(Stored data)

---------------

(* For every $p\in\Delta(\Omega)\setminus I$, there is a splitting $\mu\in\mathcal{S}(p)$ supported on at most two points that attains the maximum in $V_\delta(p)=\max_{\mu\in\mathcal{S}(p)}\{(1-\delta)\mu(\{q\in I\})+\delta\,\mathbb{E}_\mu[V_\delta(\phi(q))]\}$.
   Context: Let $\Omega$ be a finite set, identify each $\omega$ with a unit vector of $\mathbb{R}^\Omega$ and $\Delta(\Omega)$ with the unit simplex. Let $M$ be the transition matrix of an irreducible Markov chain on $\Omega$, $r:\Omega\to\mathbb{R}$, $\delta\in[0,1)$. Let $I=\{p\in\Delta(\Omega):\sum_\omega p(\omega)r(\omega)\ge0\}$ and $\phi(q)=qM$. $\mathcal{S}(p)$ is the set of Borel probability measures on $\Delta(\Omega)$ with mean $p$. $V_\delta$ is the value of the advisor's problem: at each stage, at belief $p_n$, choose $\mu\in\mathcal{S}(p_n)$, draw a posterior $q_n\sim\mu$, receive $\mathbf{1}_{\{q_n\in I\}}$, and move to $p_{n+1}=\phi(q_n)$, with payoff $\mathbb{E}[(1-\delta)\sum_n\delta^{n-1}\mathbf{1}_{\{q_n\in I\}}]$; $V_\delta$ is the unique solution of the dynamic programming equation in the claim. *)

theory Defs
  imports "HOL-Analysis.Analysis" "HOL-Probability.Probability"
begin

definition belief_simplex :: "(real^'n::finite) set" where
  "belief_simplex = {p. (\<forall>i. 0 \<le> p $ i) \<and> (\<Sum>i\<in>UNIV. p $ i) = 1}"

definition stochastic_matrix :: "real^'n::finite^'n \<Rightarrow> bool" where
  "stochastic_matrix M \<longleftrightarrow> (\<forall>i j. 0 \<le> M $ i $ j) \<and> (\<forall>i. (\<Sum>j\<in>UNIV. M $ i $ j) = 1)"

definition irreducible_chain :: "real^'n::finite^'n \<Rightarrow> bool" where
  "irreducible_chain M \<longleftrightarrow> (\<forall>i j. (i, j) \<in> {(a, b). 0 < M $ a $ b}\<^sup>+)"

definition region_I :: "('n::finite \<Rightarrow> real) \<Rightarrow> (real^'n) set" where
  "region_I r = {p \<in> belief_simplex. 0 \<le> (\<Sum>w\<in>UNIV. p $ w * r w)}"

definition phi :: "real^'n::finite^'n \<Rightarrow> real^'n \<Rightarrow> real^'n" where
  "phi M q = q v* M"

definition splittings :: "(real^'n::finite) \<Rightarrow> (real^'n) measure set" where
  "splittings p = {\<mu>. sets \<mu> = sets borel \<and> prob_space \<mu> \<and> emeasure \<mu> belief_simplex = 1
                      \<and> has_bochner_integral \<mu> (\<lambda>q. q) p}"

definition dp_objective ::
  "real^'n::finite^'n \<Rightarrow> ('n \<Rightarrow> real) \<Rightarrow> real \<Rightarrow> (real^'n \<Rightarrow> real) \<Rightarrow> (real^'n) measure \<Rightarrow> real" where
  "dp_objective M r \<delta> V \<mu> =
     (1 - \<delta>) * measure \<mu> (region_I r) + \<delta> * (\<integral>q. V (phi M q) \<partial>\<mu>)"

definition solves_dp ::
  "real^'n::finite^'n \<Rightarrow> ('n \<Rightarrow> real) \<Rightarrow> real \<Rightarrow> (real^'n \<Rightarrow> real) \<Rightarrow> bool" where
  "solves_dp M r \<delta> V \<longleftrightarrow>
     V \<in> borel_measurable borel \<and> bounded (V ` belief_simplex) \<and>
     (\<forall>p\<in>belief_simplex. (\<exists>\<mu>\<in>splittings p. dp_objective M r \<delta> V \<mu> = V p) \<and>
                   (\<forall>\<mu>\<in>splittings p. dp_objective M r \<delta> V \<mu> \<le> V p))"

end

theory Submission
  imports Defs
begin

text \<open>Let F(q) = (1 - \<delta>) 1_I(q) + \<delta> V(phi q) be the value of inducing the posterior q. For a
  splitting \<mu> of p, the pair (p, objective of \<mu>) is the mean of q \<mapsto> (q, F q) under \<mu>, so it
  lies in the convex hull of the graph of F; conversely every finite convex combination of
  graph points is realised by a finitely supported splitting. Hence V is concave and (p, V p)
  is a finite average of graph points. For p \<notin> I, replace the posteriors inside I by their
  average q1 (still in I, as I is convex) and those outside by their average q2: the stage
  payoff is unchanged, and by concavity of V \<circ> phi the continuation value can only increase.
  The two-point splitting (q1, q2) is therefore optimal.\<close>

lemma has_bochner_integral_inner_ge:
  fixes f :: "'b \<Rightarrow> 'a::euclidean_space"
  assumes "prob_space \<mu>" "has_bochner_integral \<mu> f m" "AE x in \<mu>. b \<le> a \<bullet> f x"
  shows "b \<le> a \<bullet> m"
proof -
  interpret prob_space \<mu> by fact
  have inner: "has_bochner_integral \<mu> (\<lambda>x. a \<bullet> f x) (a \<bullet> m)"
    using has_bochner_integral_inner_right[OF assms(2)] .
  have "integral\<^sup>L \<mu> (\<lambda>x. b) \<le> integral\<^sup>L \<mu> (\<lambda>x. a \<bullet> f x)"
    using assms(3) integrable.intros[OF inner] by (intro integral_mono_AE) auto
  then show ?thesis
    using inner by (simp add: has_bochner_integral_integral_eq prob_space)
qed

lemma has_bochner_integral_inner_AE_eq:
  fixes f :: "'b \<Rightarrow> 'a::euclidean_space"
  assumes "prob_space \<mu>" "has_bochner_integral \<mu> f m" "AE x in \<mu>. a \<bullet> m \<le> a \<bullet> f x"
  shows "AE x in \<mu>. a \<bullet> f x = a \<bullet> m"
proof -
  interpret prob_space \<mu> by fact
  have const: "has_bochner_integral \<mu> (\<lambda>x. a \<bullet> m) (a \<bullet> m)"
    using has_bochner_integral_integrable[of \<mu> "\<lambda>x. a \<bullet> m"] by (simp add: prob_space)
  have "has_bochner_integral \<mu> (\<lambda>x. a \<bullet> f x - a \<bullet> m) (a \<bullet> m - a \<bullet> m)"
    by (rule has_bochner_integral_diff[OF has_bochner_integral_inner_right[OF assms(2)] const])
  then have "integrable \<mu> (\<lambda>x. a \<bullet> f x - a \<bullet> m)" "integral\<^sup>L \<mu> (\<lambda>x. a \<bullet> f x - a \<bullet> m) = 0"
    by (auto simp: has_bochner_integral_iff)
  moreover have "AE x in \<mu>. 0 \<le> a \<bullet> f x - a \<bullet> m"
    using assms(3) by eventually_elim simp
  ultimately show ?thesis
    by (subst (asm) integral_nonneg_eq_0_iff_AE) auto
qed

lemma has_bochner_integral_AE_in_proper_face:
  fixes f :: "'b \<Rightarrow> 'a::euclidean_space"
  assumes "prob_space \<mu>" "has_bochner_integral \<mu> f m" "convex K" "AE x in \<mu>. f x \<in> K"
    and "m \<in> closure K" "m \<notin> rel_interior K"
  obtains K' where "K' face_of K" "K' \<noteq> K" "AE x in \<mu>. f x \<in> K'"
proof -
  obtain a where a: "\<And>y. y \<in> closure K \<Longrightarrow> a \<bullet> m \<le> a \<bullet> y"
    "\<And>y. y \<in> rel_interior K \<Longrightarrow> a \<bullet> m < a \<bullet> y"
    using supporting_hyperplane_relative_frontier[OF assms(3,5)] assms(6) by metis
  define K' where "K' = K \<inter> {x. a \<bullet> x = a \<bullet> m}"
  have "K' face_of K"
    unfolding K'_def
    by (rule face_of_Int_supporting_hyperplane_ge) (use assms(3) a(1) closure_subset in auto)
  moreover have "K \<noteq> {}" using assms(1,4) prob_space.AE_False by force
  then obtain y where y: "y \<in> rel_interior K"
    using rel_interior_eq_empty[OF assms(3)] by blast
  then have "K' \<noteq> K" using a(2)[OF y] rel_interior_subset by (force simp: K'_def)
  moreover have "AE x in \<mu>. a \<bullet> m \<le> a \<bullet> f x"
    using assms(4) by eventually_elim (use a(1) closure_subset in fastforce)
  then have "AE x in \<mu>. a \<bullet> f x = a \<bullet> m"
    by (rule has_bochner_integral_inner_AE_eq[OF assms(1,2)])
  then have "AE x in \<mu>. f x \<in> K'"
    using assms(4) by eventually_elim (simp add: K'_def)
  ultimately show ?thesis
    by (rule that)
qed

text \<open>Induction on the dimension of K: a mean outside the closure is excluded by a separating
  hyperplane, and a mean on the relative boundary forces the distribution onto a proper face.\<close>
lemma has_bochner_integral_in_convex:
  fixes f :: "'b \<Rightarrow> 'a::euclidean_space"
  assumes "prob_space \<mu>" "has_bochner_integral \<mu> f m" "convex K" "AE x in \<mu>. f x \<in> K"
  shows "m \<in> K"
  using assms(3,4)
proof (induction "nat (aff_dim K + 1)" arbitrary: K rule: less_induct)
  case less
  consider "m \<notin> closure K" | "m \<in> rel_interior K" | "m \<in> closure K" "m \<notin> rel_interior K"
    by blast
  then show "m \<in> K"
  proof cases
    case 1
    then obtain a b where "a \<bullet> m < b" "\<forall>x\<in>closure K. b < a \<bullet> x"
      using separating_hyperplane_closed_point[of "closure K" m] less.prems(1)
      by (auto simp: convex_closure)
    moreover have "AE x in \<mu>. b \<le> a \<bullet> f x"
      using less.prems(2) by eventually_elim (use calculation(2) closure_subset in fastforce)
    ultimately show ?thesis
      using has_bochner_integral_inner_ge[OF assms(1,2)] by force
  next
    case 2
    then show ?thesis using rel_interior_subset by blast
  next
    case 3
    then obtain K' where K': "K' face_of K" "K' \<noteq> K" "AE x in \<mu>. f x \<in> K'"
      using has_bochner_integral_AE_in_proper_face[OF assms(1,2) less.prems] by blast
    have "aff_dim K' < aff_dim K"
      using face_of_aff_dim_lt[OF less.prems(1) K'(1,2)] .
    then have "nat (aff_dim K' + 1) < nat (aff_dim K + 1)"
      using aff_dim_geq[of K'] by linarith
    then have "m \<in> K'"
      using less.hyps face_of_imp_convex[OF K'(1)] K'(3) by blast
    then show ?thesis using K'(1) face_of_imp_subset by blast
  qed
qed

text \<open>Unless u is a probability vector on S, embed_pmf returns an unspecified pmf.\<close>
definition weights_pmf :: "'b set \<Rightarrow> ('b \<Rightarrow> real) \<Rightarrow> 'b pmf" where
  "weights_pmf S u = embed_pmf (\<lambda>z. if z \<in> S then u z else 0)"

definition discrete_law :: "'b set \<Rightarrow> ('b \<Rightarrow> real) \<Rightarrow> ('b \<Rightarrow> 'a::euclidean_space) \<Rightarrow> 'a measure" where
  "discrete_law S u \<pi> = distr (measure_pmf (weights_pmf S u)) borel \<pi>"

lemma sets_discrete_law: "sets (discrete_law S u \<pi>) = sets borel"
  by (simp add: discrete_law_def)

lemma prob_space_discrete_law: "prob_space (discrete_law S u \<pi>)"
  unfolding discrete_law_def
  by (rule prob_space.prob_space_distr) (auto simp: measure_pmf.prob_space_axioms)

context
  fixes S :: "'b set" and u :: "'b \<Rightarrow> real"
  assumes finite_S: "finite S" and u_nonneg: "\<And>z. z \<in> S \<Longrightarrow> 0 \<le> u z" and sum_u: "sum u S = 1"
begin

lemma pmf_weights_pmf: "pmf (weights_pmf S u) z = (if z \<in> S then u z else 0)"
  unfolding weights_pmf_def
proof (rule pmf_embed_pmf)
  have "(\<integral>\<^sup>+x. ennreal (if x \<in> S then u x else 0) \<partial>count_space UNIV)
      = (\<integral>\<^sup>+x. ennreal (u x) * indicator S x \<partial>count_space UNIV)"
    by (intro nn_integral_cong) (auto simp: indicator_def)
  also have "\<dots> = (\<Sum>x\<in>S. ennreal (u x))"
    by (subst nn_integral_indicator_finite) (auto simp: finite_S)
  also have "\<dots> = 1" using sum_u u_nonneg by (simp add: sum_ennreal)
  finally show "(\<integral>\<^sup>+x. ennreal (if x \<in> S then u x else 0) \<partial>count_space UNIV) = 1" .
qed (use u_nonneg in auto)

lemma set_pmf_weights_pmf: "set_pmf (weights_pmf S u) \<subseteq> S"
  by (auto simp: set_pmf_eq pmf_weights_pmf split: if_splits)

---------------

Only lines that include "Longrightarrow" belong in the answer; return them from the entries above.

  obtain a where a: "\<And>y. y \<in> closure K \<Longrightarrow> a \<bullet> m \<le> a \<bullet> y"
    "\<And>y. y \<in> rel_interior K \<Longrightarrow> a \<bullet> m < a \<bullet> y"
  assumes finite_S: "finite S" and u_nonneg: "\<And>z. z \<in> S \<Longrightarrow> 0 \<le> u z" and sum_u: "sum u S = 1"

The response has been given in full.